Physical characteristics
- • location: Tingerup Tykke
- • elevation: 90 m (300 ft)
- • location: Næstved
- • elevation: 0 m (0 ft)
- Length: 83 km (52 mi)
- Basin size: 1,170 km^{2} (450 sq mi)
- • average: 6.1 m^{3}/s (220 cu ft/s)

= Suså River =

The Suså or Susåen is a river in Denmark. It is the largest drainage system on the island of Zealand and the fifth largest in Denmark as a whole.

== Geography ==
The source of the Suså is in Tingerup Tykke, a woodland south of Rønnede. Its first section is called the Huleå (lit. "hole stream"), because it runs in a deep gully. It follows a winding course through Tingerup Tykke before turning to the north, where it runs through Gøgsmosen, near Rønedde, and further towards Hovmosen, near Gisselfeld, where it is joined by Brødebæk, Slettehavebæk and Kællingerend to form the Suså proper. From there it forms arc to the northwest, running past Haslev, Ringsted and Sorø before eventually turning south towards Næstved, where it drains into Karrebæksminde Bay. Between Sorø and Næstved it runs through Lake Tystrup-Bavelse, the 8th largest lake in Denmark and the site of its first natural park.

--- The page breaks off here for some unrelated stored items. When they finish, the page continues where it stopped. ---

lemma Pntpp_edge_sym: "Pntpp_edge n t i j = Pntpp_edge n t j i"
  unfolding Pntpp_edge_def by blast

lemma Pntpp_edge_irrefl: "t + 2 < n \<Longrightarrow> \<not> Pntpp_edge n t i i"
  unfolding Pntpp_edge_def by auto

(* With n = m + 2 and t = a + 1, the path is 0, ..., m and u = m + 1 is joined to a and a + 2. *)

lemma Pntpp_edge_sum:
  fixes h :: "nat \<Rightarrow> nat \<Rightarrow> 'a :: comm_monoid_add"
  assumes "a + 2 \<le> m"
  shows "(\<Sum>i<m+2. \<Sum>j<m+2. if Pntpp_edge (m+2) (Suc a) i j then h i j else 0) =
    (\<Sum>i<m. h i (Suc i) + h (Suc i) i) + h (m+1) a + h a (m+1) + h (m+1) (a+2) + h (a+2) (m+1)"
proof -
  let ?fwd = "(\<lambda>i. (i, Suc i)) ` {..<m}" and ?bwd = "(\<lambda>i. (Suc i, i)) ` {..<m}"
  let ?hub = "{(m+1, a), (a, m+1), (m+1, a+2), (a+2, m+1)}"
  have edges: "{(i, j) \<in> {..<m+2} \<times> {..<m+2}. Pntpp_edge (m+2) (Suc a) i j} = ?fwd \<union> ?bwd \<union> ?hub"
    using assms by (auto simp: Pntpp_edge_def)
  have "(\<Sum>i<m+2. \<Sum>j<m+2. if Pntpp_edge (m+2) (Suc a) i j then h i j else 0)
      = (\<Sum>(i, j) \<in> {..<m+2} \<times> {..<m+2}. if Pntpp_edge (m+2) (Suc a) i j then h i j else 0)"
    by (rule sum.cartesian_product)
  also have "\<dots> = (\<Sum>(i, j) \<in> ?fwd \<union> ?bwd \<union> ?hub. h i j)"
    unfolding edges[symmetric] by (rule sum.mono_neutral_cong_right) (auto split: if_splits)
  also have "\<dots> = (\<Sum>(i, j) \<in> ?fwd. h i j) + (\<Sum>(i, j) \<in> ?bwd. h i j) + (\<Sum>(i, j) \<in> ?hub. h i j)"
    using assms by (subst sum.union_disjoint; auto)+
  also have "\<dots> = (\<Sum>i<m. h i (Suc i) + h (Suc i) i) + h (m+1) a + h a (m+1) + h (m+1) (a+2) + h (a+2) (m+1)"
    using assms by (simp add: sum.reindex inj_on_def sum.distrib add.assoc)
  finally show ?thesis .
qed

lemma Pntpp_laplacian_quadratic_form:
  fixes x :: "real vec"
  assumes am: "a + 2 \<le> m" and x: "x \<in> carrier_vec (m+2)"
  shows "x \<bullet> (laplacian (m+2) (Pntpp_edge (m+2) (Suc a)) *\<^sub>v x) =
    (\<Sum>i<m. (x $ i - x $ Suc i)\<^sup>2) + (x $ (m+1) - x $ a)\<^sup>2 + (x $ (m+1) - x $ (a+2))\<^sup>2"
proof -
  have "x \<bullet> (laplacian (m+2) (Pntpp_edge (m+2) (Suc a)) *\<^sub>v x) =
      (\<Sum>i<m+2. \<Sum>j<m+2. if Pntpp_edge (m+2) (Suc a) i j then x $ i * (x $ i - x $ j) else 0)"
    using am by (intro laplacian_quadratic_form[OF x] Pntpp_edge_irrefl) simp
  also have "\<dots> = (\<Sum>i<m. x $ i * (x $ i - x $ Suc i) + x $ Suc i * (x $ Suc i - x $ i))
      + x $ (m+1) * (x $ (m+1) - x $ a) + x $ a * (x $ a - x $ (m+1))
      + x $ (m+1) * (x $ (m+1) - x $ (a+2)) + x $ (a+2) * (x $ (a+2) - x $ (m+1))"
    by (rule Pntpp_edge_sum[OF am])
  also have "\<dots> = (\<Sum>i<m. (x $ i - x $ Suc i)\<^sup>2) + (x $ (m+1) - x $ a)\<^sup>2 + (x $ (m+1) - x $ (a+2))\<^sup>2"
    by (simp add: power2_eq_square algebra_simps)
  finally show ?thesis .
qed

lemma alternating_chain_zero_iff:
  fixes f :: "nat \<Rightarrow> 'a :: group_add"
  assumes chain: "\<And>i. k \<le> i \<Longrightarrow> i < l \<Longrightarrow> f i + f (Suc i) = 0" and i: "k \<le> i" "i \<le> l"
  shows "f i = 0 \<longleftrightarrow> f k = 0"
  using i
proof (induction i rule: dec_induct)
  case (step j)
  then have "f (Suc j) = - f j" using chain[of j] by (simp add: minus_unique)
  then show ?case using step by simp
qed simp

lemma Pntpp_quadratic_form_gap:
  fixes f :: "nat \<Rightarrow> real"
  assumes am: "a + 2 \<le> m" and f: "f a + f (a+2) = 0"
  shows "4 * (\<Sum>i<m+2. (f i)\<^sup>2)
      - ((\<Sum>i<m. (f i - f (Suc i))\<^sup>2) + (f (m+1) - f a)\<^sup>2 + (f (m+1) - f (a+2))\<^sup>2)
    = (\<Sum>i<a. (f i + f (Suc i))\<^sup>2) + (\<Sum>i\<in>{a+2..<m}. (f i + f (Suc i))\<^sup>2)
      + 2 * (f 0)\<^sup>2 + 2 * (f m)\<^sup>2 + 2 * (f (a+1))\<^sup>2 + 2 * (f (m+1))\<^sup>2"
proof -
  define s where "s i = (f i + f (Suc i))\<^sup>2" for i
  have "(\<Sum>i<m. (f i - f (Suc i))\<^sup>2) = (\<Sum>i<m. 2 * (f i)\<^sup>2 + 2 * (f (Suc i))\<^sup>2 - s i)"
    by (intro sum.cong refl) (simp add: s_def power2_eq_square algebra_simps)
  also have "\<dots> = 2 * (\<Sum>i<m. (f i)\<^sup>2) + 2 * (\<Sum>i<m. (f (Suc i))\<^sup>2) - (\<Sum>i<m. s i)"
    by (simp add: sum.distrib sum_subtractf sum_distrib_left)
  also have "(\<Sum>i<m. (f (Suc i))\<^sup>2) = (\<Sum>i<m. (f i)\<^sup>2) - (f 0)\<^sup>2 + (f m)\<^sup>2"
    using sum.lessThan_Suc_shift[of "\<lambda>i. (f i)\<^sup>2" m] by simp
  also have "(\<Sum>i<m. s i) = (\<Sum>i<a. s i) + s a + s (a+1) + (\<Sum>i\<in>{a+2..<m}. s i)"
    using am sum.atLeastLessThan_concat[of 0 "a+2" m s] by (simp add: atLeast0LessThan)
  finally have path: "(\<Sum>i<m. (f i - f (Suc i))\<^sup>2) = 4 * (\<Sum>i<m. (f i)\<^sup>2) - 2 * (f 0)\<^sup>2 + 2 * (f m)\<^sup>2
      - ((\<Sum>i<a. s i) + s a + s (a+1) + (\<Sum>i\<in>{a+2..<m}. s i))" by simp
  have "f (a+2) = - f a" using f by simp
  then have "s a + s (a+1) = 2 * (f a)\<^sup>2 + 2 * (f (a+1))\<^sup>2"
    and "(f (m+1) - f a)\<^sup>2 + (f (m+1) - f (a+2))\<^sup>2 = 2 * (f (m+1))\<^sup>2 + 2 * (f a)\<^sup>2"
    by (simp_all add: s_def power2_eq_square algebra_simps)
  with path show ?thesis by (simp add: s_def)
qed

lemma Pntpp_quadratic_form_less:
  fixes f :: "nat \<Rightarrow> real"
  assumes am: "a + 2 \<le> m" and f: "f a + f (a+2) = 0" and nz: "\<exists>i<m+2. f i \<noteq> 0"
  shows "(\<Sum>i<m. (f i - f (Suc i))\<^sup>2) + (f (m+1) - f a)\<^sup>2 + (f (m+1) - f (a+2))\<^sup>2
    < 4 * (\<Sum>i<m+2. (f i)\<^sup>2)"
proof (rule ccontr)
  define s where "s i = (f i + f (Suc i))\<^sup>2" for i
  have s: "0 \<le> s i" for i by (simp add: s_def)
  assume "\<not> ?thesis"
  then have "(\<Sum>i<a. s i) + (\<Sum>i\<in>{a+2..<m}. s i)
      + 2 * (f 0)\<^sup>2 + 2 * (f m)\<^sup>2 + 2 * (f (a+1))\<^sup>2 + 2 * (f (m+1))\<^sup>2 \<le> 0"
    using Pntpp_quadratic_form_gap[OF am f] unfolding s_def by linarith
  moreover have "0 \<le> (\<Sum>i<a. s i)" "0 \<le> (\<Sum>i\<in>{a+2..<m}. s i)"
    using s by (simp_all add: sum_nonneg)
  ultimately have "(\<Sum>i<a. s i) = 0" "(\<Sum>i\<in>{a+2..<m}. s i) = 0"
    and "(f 0)\<^sup>2 = 0" "(f m)\<^sup>2 = 0" "(f (a+1))\<^sup>2 = 0" "(f (m+1))\<^sup>2 = 0"
    using zero_le_power2[of "f 0"] zero_le_power2[of "f m"]
      zero_le_power2[of "f (a+1)"] zero_le_power2[of "f (m+1)"] by linarith+
  then have left: "\<And>i. 0 \<le> i \<Longrightarrow> i < a \<Longrightarrow> f i + f (Suc i) = 0"
    and right: "\<And>i. a + 2 \<le> i \<Longrightarrow> i < m \<Longrightarrow> f i + f (Suc i) = 0"
    and zero: "f 0 = 0" "f m = 0" "f (a+1) = 0" "f (m+1) = 0"
    using s by (simp_all add: sum_nonneg_eq_0_iff s_def)
  have head: "f j = 0 \<longleftrightarrow> f 0 = 0" if "j \<le> a" for j
    by (rule alternating_chain_zero_iff[where f = f and k = 0 and l = a, OF left]) (use that in simp_all)
  have tail: "f j = 0 \<longleftrightarrow> f (a+2) = 0" if "a + 2 \<le> j" "j \<le> m" for j
    by (rule alternating_chain_zero_iff[where f = f and k = "a+2" and l = m, OF right]) (use that in simp_all)
  have "f i = 0" if i: "i < m+2" for i
  proof -
    consider "i \<le> a" | "i = a+1" | "a + 2 \<le> i" "i \<le> m" | "i = m+1" using i by linarith
    then show ?thesis
    proof cases
      case 1
      then show ?thesis using head[of i] zero by simp
    next
      case 3
      then show ?thesis using tail[of i] tail[of m] am zero by simp
    qed (use zero in simp_all)
  qed
  then show False using nz by blast
qed

theorem lemma4p3:
  fixes n t :: nat
  assumes "1 \<le> t" and "t + 3 \<le> n"
  shows "mu (laplacian n (Pntpp_edge n t)) 2 < 4"
proof -
  define a m where "a = t - 1" and "m = n - 2"
  then have t: "t = Suc a" and n: "n = m + 2" and am: "a + 2 \<le> m" using assms by simp_all
  let ?L = "laplacian (m+2) (Pntpp_edge (m+2) (Suc a))"
  define w :: "real vec" where "w = unit_vec (m+2) a + unit_vec (m+2) (a+2)"
  have w: "w \<in> carrier_vec (m+2)" by (simp add: w_def)
  have sym: "transpose_mat ?L = ?L" by (rule transpose_laplacian, rule Pntpp_edge_sym)
  have "\<not> 4 \<le> mu ?L 2"
  proof
    assume mu2: "4 \<le> mu ?L 2"
    obtain x where x: "x \<in> carrier_vec (m+2)" "x \<noteq> 0\<^sub>v (m+2)" and wx: "w \<bullet> x = 0"
      and big: "4 * (x \<bullet> x) \<le> x \<bullet> (?L *\<^sub>v x)"
      using real_symmetric_mu2_hyperplane_rayleigh[OF laplacian_carrier sym le_add2 mu2 w] by blast
    have "w \<bullet> x = x $ a + x $ (a+2)"
      unfolding w_def using x am by (subst add_scalar_prod_distrib[of _ "m+2"]) auto
    then have "x $ a + x $ (a+2) = 0" using wx by simp
    moreover have "\<exists>i<m+2. x $ i \<noteq> 0" using x by auto
    ultimately have "x \<bullet> (?L *\<^sub>v x) < 4 * (\<Sum>i<m+2. (x $ i)\<^sup>2)"
      using Pntpp_quadratic_form_less[OF am] Pntpp_laplacian_quadratic_form[OF am x(1)] by simp
    moreover have "x \<bullet> x = (\<Sum>i<m+2. (x $ i)\<^sup>2)"
      using x by (simp add: scalar_prod_def atLeast0LessThan power2_eq_square)
    ultimately show False using big by simp
  qed
  then show ?thesis unfolding t n by simp
qed

end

The Suså was created by glacial ice and meltwater during the Last Ice Age, c. 15,000 years ago. Its physical characteristics have been described in two studies.

== Flora and fauna ==
The Suså is highly biodiverse despite the fact that most of it has been regulated, in places from as early as the 17th century. There are about twenty species of fish in the river, though the stocks of many are low and some are red-listed as endangered species. The flora in the river itself is highly interesting and includes pondweed and arrowhead. The flora along the banks is not particularly interesting as most of it has been converted to agriculture.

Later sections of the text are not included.